Neighborhoods are full of neighbors. We’ve hopefully gotten to know a few of them last year, or at least learned to recognize them while out walking and biking.

The “frontlines” of a global crisis can be right downtown at the hospital or just down the street at your grocery store or biggest revelation of all, right in front of you as you wash your hands, keep your distance and cover your mouth. The frontlines were never really that far away. In fact, if we’re taking responsibility for our own actions and willing to sacrifice for the common good, we are all frontline workers.

The toughest lesson of 2020 is one that we all learn eventually, but that was driven home with special poignancy in a pandemic

that targeted the elderly and infirm. The daily death count ticking higher on every news channel reminds us that people close to us are not going to be there forever. Sometimes not even until next year. This is a lesson we should hold close.

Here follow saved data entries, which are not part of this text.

lemma uniform_limit_threshold_relaxation:
  fixes T :: "'a::topological_space \<Rightarrow> real" and \<psi> :: "nat \<Rightarrow> 'a \<Rightarrow> real"
    and t \<rho> :: "nat \<Rightarrow> real"
  assumes K: "compact K" and T_cont: "continuous_on K T"
    and off_level: "\<And>x. x \<in> K \<Longrightarrow> T x \<noteq> tbar" and t_lim: "t \<longlonglongrightarrow> tbar"
    and \<rho>: "\<And>j. 0 \<le> \<rho> j" "\<And>j. \<rho> j \<le> 1" and diverges: "\<not> summable (\<lambda>j. 1 - \<rho> j)"
    and \<psi>_range: "\<And>j x. x \<in> K \<Longrightarrow> 0 \<le> \<psi> j x \<and> \<psi> j x \<le> 1"
    and \<psi>_Suc: "\<And>j x. x \<in> K \<Longrightarrow>
      \<psi> (Suc j) x = (if T x < t j then \<rho> j * \<psi> j x else 1 - \<rho> j * (1 - \<psi> j x))"
  shows "uniform_limit K \<psi> (\<lambda>x. if T x < tbar then 0 else 1) sequentially"
proof -
  define g where "g x = (if T x < tbar then 0 else 1 :: real)" for x
  obtain \<delta> where "\<delta> > 0" and \<delta>: "\<And>x. x \<in> K \<Longrightarrow> \<delta> \<le> \<bar>T x - tbar\<bar>"
  proof (cases "K = {}")
    case False
    have "continuous_on K (\<lambda>x. \<bar>T x - tbar\<bar>)"
      using T_cont by (intro continuous_intros)
    then obtain x0 where "x0 \<in> K" and "\<And>x. x \<in> K \<Longrightarrow> \<bar>T x0 - tbar\<bar> \<le> \<bar>T x - tbar\<bar>"
      using continuous_attains_inf[OF K False] by blast
    with off_level that[of "\<bar>T x0 - tbar\<bar>"] show thesis by auto
  qed (use that[of 1] in simp)
  obtain M where M: "\<And>j. j \<ge> M \<Longrightarrow> \<bar>t j - tbar\<bar> < \<delta>"
    using LIMSEQ_D[OF t_lim \<open>\<delta> > 0\<close>] by auto
  have step: "\<bar>\<psi> (Suc j) x - g x\<bar> = \<rho> j * \<bar>\<psi> j x - g x\<bar>" if "x \<in> K" "j \<ge> M" for x j
  proof -
    have "T x < t j \<longleftrightarrow> T x < tbar"
      using M[OF that(2)] \<delta>[OF that(1)] by linarith
    moreover have "1 - \<rho> j * (1 - \<psi> j x) - 1 = \<rho> j * (\<psi> j x - 1)"
      by (simp add: algebra_simps)
    ultimately show ?thesis
      using \<psi>_Suc[OF that(1)] \<rho>[of j] by (auto simp: g_def abs_mult)
  qed
  have decay: "\<bar>\<psi> (k + M) x - g x\<bar> \<le> (\<Prod>i<k. \<rho> (i + M))" if "x \<in> K" for x k
  proof (induction k)
    case 0
    show ?case using \<psi>_range[OF that] by (simp add: g_def)
  next
    case (Suc k)
    have "\<bar>\<psi> (Suc k + M) x - g x\<bar> = \<rho> (k + M) * \<bar>\<psi> (k + M) x - g x\<bar>"
      using step[OF that] by simp
    also have "\<dots> \<le> \<rho> (k + M) * (\<Prod>i<k. \<rho> (i + M))"
      using Suc.IH \<rho> by (intro mult_left_mono) auto
    finally show ?case by (simp add: mult.commute)
  qed
  have "(\<lambda>k. \<Prod>i<k. \<rho> (i + M)) \<longlonglongrightarrow> 0"
    using \<rho> diverges summable_iff_shift[of "\<lambda>j. 1 - \<rho> j" M]
    by (intro partial_products_tendsto_zero) auto
  show ?thesis
  proof (rule uniform_limitI)
    fix \<epsilon> :: real assume "0 < \<epsilon>"
    then have "\<forall>\<^sub>F k in sequentially. (\<Prod>i<k. \<rho> (i + M)) < \<epsilon>"
      using \<open>(\<lambda>k. \<Prod>i<k. \<rho> (i + M)) \<longlonglongrightarrow> 0\<close> by (intro order_tendstoD(2))
    then have "\<forall>\<^sub>F k in sequentially. \<forall>x\<in>K. dist (\<psi> (k + M) x) (g x) < \<epsilon>"
      by eventually_elim (use decay in \<open>auto simp: dist_real_def intro: le_less_trans\<close>)
    then show "\<forall>\<^sub>F n in sequentially. \<forall>x\<in>K. dist (\<psi> n x) (if T x < tbar then 0 else 1) < \<epsilon>"
      using eventually_sequentially_seg[of "\<lambda>n. \<forall>x\<in>K. dist (\<psi> n x) (g x) < \<epsilon>" M]
      by (simp add: g_def)
  qed
qed

lemma set_borel_measurable_lebesgue:
  "set_borel_measurable borel S g \<Longrightarrow> set_borel_measurable lebesgue S g"
  unfolding set_borel_measurable_def by (intro measurable_completion) simp

text \<open>
  \<open>t j\<close> is the threshold applied in the step from \<open>\<psi> j\<close> to \<open>\<psi> (Suc j)\<close>, i.e.\ the paper's
  \<open>t_(j+1)\<close>; \<open>sublevel_mass\<close> below is the paper's \<open>m\<close>.
\<close>

locale threshold_relaxation =
  fixes \<Omega> :: "'a::euclidean_space set" and f T :: "'a \<Rightarrow> real"
    and \<rho> t :: "nat \<Rightarrow> real" and \<psi> :: "nat \<Rightarrow> 'a \<Rightarrow> real"
  assumes \<Omega>_borel [measurable]: "\<Omega> \<in> sets borel"
    and T_borel [measurable]: "T \<in> borel_measurable borel"
    and f_nonneg: "\<And>x. x \<in> \<Omega> \<Longrightarrow> 0 \<le> f x"
    and f_int: "set_integrable lebesgue \<Omega> f"
    and f_one: "(LINT x:\<Omega>|lebesgue. f x) = 1"
    and \<rho>: "\<And>j. 0 \<le> \<rho> j" "\<And>j. \<rho> j \<le> 1"
    and \<psi>0_meas: "set_borel_measurable borel \<Omega> (\<psi> 0)"
    and \<psi>0_range: "\<And>x. x \<in> \<Omega> \<Longrightarrow> 0 \<le> \<psi> 0 x \<and> \<psi> 0 x \<le> 1"
    and \<psi>_Suc: "\<And>j x. x \<in> \<Omega> \<Longrightarrow>
      \<psi> (Suc j) x = (if T x < t j then \<rho> j * \<psi> j x else 1 - \<rho> j * (1 - \<psi> j x))"
begin

definition mass :: "nat \<Rightarrow> real" where
  "mass j = (LINT x:\<Omega>|lebesgue. (1 - \<psi> j x) * f x)"

definition sublevel_mass :: "real \<Rightarrow> real" where
  "sublevel_mass s = (LINT x:{x\<in>\<Omega>. T x < s}|lebesgue. f x)"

But the contrary lesson is that, in spite of death and peril, we have to keep moving. Like life itself, civilization isn’t static. It either grows or it dies, and there are human costs to bear with every choice we make. Maybe we haven’t completely learned this lesson. Maybe we never will.

During the Blitz in Great Britain in WWII, Christian philosopher C.S. Lewis delivered a lecture on “Learning in War Time,” in which he offered three mental exercises to help young scholars continue in their studies in spite of the apocalyptic death and destruction all around. His recommendations were to exercise self-control in place of the excitements of the war, faith in exchange for frustration and sobriety (or clarity of focus) in place of fear.

The ideal conditions for us to pursue the good life are never completely in place and yet we persevere. That’s self-control. No one ever has time to finish the tasks of life, so we must face all our uncertain futures with faith. Finally, no one will escape death only, perhaps, extend our time on Earth, so we must accept the human condition with clear eyes.

I’ll add one more exercise that could be helpful: counting your blessings. We live in a remarkable state that has been spared much of the worst of the pandemic.

To that end, and to lighten things up a bit here at the start of 2021, we’ve counted a few of the many blessings that NH has given the world in our cover story. No need to say thanks. You’re already welcome.